### [What to work on]
Would you copy every line of the listing below that includes the word "blast"?

### [Exercise data]
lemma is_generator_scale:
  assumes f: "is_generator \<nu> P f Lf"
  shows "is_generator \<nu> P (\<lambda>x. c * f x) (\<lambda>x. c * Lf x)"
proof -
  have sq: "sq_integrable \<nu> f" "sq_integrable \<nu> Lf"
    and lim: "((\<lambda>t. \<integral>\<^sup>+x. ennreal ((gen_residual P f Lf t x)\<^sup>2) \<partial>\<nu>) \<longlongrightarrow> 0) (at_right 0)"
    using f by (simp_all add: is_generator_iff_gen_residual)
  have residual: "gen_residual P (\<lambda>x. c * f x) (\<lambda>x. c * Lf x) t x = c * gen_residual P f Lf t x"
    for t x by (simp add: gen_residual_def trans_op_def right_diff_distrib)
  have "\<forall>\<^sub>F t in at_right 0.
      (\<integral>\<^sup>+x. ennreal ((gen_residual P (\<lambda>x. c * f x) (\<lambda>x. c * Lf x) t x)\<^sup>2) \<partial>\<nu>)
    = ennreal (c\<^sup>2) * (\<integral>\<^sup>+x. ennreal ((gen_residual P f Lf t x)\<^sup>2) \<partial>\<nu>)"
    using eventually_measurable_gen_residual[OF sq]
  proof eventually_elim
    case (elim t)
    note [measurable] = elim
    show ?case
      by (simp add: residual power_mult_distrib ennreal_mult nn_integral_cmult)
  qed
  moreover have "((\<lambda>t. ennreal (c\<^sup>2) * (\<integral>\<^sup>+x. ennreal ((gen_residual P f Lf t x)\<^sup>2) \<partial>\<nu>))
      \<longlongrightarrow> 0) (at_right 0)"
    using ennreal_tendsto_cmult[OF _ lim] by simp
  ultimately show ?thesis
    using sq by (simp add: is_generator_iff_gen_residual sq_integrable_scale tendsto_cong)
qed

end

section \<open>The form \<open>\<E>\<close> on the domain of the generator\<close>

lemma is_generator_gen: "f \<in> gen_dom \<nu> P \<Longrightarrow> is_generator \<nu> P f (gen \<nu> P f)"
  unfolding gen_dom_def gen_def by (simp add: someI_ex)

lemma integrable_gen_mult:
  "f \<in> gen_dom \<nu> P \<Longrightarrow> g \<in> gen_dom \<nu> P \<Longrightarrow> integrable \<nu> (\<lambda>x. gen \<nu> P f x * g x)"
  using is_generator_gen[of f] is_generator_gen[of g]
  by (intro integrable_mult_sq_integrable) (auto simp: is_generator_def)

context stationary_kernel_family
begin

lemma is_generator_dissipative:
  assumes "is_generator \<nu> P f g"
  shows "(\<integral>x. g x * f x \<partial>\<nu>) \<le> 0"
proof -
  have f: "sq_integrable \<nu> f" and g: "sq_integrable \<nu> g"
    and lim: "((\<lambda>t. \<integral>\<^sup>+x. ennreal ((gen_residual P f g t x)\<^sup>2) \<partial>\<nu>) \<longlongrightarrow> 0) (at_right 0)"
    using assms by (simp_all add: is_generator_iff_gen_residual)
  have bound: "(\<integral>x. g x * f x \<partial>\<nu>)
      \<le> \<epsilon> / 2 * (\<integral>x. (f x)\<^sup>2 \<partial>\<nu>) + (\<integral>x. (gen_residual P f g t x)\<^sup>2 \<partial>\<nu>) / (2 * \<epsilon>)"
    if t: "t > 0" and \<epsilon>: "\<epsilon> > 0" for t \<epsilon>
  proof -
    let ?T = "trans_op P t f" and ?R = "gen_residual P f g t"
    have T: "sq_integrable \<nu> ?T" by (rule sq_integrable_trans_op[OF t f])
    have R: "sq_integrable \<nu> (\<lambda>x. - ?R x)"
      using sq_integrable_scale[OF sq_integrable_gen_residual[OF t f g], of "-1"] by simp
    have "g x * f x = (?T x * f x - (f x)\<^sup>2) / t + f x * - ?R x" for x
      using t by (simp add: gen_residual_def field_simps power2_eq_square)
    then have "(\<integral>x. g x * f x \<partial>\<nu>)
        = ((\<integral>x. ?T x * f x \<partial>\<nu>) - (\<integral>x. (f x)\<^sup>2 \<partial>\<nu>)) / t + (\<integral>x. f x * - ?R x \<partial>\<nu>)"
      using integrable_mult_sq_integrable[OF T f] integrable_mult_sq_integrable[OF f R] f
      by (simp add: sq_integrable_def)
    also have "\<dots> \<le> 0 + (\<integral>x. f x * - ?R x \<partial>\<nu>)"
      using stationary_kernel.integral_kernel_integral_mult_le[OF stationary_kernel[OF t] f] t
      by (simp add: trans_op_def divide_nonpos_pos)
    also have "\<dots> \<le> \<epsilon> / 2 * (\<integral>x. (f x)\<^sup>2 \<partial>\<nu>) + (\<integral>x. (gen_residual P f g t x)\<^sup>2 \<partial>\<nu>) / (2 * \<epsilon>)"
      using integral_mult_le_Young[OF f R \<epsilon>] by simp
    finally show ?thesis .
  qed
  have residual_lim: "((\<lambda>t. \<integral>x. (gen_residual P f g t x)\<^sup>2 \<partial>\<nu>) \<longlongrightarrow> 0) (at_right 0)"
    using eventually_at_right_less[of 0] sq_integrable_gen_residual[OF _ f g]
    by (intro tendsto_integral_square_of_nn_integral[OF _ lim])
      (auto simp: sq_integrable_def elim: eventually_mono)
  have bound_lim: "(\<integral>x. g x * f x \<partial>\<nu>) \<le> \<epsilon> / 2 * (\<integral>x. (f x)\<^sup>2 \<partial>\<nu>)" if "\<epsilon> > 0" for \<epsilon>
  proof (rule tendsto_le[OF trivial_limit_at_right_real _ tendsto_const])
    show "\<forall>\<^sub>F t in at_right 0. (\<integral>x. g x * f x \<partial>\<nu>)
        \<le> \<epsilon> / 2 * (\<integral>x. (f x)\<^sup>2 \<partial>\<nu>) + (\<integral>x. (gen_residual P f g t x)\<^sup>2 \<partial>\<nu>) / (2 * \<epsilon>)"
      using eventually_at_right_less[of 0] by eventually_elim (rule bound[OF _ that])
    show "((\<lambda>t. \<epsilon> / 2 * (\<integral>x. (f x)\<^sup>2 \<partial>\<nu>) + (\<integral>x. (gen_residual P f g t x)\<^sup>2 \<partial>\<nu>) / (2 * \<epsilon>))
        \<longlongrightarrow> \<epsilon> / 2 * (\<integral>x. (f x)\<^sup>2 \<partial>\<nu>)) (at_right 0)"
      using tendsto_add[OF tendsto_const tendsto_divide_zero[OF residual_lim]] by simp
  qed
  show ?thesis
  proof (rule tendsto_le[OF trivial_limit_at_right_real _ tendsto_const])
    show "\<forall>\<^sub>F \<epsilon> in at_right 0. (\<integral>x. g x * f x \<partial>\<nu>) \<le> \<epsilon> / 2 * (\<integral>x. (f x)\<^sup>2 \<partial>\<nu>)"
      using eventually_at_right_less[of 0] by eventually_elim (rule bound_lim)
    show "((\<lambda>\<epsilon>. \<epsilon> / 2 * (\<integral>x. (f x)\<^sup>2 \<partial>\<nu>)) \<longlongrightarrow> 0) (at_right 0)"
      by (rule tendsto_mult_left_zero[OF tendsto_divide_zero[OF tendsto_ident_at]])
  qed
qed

--

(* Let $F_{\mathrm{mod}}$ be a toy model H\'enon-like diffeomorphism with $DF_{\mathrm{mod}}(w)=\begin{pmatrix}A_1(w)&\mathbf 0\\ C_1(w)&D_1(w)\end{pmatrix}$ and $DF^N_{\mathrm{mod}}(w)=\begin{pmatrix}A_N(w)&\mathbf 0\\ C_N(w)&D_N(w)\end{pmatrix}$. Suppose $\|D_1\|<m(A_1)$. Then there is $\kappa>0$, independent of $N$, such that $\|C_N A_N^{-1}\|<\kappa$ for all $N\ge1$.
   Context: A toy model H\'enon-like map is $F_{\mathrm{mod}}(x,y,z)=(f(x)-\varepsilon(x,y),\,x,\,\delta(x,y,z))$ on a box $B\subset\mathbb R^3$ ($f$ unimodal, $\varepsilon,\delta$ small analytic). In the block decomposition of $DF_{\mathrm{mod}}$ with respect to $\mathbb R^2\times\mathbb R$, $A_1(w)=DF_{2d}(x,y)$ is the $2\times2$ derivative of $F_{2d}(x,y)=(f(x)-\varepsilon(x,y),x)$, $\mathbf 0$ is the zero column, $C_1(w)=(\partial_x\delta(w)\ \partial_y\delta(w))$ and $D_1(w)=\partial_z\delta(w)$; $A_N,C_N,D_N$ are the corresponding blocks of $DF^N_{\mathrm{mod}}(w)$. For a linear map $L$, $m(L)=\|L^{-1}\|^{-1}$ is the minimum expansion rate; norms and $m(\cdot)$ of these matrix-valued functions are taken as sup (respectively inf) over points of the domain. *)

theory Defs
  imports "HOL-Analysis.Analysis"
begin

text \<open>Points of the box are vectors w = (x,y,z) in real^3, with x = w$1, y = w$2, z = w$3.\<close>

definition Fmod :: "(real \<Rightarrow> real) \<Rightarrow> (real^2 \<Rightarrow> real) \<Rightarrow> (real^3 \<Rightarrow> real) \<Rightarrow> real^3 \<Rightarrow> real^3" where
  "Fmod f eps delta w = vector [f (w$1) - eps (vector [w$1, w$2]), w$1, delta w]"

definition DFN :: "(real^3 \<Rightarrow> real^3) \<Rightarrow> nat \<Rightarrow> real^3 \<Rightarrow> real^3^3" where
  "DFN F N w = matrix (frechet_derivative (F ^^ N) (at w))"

...

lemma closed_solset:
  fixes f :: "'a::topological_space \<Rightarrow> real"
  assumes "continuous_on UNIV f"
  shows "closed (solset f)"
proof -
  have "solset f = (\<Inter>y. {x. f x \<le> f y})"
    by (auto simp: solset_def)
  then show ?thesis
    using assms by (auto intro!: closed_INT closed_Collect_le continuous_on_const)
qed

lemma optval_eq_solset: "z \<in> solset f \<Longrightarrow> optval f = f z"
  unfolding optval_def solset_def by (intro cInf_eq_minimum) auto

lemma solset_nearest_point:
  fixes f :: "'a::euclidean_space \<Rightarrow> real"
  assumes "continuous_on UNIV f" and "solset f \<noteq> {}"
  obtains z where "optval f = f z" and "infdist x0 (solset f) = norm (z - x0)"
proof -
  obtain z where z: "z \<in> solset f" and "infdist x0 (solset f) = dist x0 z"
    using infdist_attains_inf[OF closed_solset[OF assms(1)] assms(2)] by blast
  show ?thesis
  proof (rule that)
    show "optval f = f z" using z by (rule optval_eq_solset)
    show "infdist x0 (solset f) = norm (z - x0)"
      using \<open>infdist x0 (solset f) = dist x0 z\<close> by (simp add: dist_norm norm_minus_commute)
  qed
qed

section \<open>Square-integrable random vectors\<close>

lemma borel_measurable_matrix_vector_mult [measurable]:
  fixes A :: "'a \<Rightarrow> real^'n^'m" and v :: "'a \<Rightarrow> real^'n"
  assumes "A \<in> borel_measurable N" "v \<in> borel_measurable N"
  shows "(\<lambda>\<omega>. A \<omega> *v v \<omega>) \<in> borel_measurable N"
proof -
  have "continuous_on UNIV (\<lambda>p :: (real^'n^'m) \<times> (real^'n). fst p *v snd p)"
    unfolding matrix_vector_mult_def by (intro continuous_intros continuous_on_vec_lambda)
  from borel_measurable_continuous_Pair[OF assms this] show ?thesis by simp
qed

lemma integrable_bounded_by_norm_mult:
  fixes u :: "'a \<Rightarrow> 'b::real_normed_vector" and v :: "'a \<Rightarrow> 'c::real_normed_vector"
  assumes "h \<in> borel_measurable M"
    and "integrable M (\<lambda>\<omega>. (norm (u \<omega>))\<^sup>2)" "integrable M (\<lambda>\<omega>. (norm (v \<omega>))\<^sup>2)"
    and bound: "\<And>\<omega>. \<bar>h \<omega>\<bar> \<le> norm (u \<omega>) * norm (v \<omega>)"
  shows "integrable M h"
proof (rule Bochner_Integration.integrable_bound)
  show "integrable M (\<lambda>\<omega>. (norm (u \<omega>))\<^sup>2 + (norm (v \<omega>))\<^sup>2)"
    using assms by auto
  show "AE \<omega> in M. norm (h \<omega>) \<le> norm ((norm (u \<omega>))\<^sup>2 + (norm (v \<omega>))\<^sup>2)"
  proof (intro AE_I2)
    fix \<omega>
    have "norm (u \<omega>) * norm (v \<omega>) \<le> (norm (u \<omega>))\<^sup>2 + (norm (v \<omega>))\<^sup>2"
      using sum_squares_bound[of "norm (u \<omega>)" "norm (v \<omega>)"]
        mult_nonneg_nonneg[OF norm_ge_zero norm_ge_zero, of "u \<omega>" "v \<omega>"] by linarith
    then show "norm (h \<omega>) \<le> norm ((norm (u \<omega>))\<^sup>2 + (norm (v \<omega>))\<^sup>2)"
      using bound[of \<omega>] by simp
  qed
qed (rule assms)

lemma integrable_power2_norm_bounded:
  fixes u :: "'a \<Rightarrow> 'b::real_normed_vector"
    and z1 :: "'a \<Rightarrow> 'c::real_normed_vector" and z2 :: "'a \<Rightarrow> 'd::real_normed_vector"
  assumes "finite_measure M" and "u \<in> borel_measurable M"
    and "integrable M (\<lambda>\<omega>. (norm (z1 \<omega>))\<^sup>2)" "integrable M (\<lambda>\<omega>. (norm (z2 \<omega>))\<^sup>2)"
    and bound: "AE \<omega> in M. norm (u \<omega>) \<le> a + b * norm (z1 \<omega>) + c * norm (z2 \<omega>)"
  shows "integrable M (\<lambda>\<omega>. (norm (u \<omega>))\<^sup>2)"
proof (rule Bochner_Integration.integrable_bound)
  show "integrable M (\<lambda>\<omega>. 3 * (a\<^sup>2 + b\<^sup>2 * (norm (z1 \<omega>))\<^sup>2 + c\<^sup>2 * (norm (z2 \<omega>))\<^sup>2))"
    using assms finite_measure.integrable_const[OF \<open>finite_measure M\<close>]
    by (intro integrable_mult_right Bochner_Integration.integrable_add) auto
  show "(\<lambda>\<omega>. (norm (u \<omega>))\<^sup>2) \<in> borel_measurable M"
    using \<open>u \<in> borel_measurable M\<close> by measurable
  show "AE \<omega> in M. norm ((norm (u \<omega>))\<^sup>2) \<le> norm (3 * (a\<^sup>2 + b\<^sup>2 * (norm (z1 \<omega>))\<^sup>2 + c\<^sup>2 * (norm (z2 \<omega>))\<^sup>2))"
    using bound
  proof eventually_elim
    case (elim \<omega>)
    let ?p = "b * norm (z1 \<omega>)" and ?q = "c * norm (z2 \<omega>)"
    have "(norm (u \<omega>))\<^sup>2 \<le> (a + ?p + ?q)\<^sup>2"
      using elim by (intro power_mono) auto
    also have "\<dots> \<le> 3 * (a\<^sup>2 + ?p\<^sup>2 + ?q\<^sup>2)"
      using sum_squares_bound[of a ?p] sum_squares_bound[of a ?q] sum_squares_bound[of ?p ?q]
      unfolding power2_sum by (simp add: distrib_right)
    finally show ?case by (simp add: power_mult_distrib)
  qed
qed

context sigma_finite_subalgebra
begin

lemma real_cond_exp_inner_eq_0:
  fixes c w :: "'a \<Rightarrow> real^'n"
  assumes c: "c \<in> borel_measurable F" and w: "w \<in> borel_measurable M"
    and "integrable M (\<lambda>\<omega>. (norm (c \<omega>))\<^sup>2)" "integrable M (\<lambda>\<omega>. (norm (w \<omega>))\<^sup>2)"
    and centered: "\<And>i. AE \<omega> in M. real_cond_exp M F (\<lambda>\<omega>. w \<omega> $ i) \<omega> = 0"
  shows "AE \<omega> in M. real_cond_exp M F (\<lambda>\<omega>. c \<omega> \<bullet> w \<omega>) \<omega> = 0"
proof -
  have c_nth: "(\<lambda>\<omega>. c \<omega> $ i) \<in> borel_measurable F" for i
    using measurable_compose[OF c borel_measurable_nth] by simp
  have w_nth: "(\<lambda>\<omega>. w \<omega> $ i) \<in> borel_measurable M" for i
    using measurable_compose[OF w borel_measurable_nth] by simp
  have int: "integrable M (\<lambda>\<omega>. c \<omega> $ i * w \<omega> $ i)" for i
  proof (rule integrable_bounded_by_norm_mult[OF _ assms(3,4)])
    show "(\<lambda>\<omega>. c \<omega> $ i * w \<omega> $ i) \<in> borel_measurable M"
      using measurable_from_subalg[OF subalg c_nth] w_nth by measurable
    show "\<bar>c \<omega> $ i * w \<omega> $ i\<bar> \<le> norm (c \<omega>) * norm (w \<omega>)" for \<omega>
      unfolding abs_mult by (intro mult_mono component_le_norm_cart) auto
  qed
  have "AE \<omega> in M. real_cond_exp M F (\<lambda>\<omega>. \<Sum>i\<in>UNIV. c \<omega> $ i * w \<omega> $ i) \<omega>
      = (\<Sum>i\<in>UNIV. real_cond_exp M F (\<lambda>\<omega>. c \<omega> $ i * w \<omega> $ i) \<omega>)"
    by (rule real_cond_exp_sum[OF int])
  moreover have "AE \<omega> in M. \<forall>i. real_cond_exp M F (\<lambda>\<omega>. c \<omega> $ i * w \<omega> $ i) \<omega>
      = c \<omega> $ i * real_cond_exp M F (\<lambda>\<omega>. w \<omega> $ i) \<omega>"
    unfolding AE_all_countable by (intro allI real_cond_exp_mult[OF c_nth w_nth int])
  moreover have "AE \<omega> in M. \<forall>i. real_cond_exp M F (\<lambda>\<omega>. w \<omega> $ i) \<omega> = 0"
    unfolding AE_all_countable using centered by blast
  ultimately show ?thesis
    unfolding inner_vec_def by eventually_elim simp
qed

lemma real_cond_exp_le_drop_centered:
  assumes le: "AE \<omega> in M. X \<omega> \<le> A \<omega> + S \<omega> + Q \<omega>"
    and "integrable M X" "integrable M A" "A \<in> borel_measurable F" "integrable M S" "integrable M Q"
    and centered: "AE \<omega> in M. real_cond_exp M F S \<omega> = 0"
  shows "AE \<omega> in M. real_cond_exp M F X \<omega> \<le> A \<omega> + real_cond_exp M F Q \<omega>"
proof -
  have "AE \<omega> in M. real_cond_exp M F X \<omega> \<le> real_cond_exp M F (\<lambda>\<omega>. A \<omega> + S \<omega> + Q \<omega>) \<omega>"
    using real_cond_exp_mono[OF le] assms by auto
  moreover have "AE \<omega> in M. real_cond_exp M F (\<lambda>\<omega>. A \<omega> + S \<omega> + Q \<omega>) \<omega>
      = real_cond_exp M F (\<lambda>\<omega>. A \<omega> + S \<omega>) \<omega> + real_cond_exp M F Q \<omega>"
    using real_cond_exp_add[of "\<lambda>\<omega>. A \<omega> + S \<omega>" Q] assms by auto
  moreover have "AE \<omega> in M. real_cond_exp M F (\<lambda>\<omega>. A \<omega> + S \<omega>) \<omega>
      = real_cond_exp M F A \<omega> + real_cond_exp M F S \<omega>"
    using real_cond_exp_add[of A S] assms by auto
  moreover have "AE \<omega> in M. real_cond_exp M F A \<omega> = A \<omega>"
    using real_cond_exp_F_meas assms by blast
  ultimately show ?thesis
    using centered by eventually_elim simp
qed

### [Written solution]
    using infdist_attains_inf[OF closed_solset[OF assms(1)] assms(2)] by blast
    unfolding AE_all_countable using centered by blast
    using real_cond_exp_F_meas assms by blast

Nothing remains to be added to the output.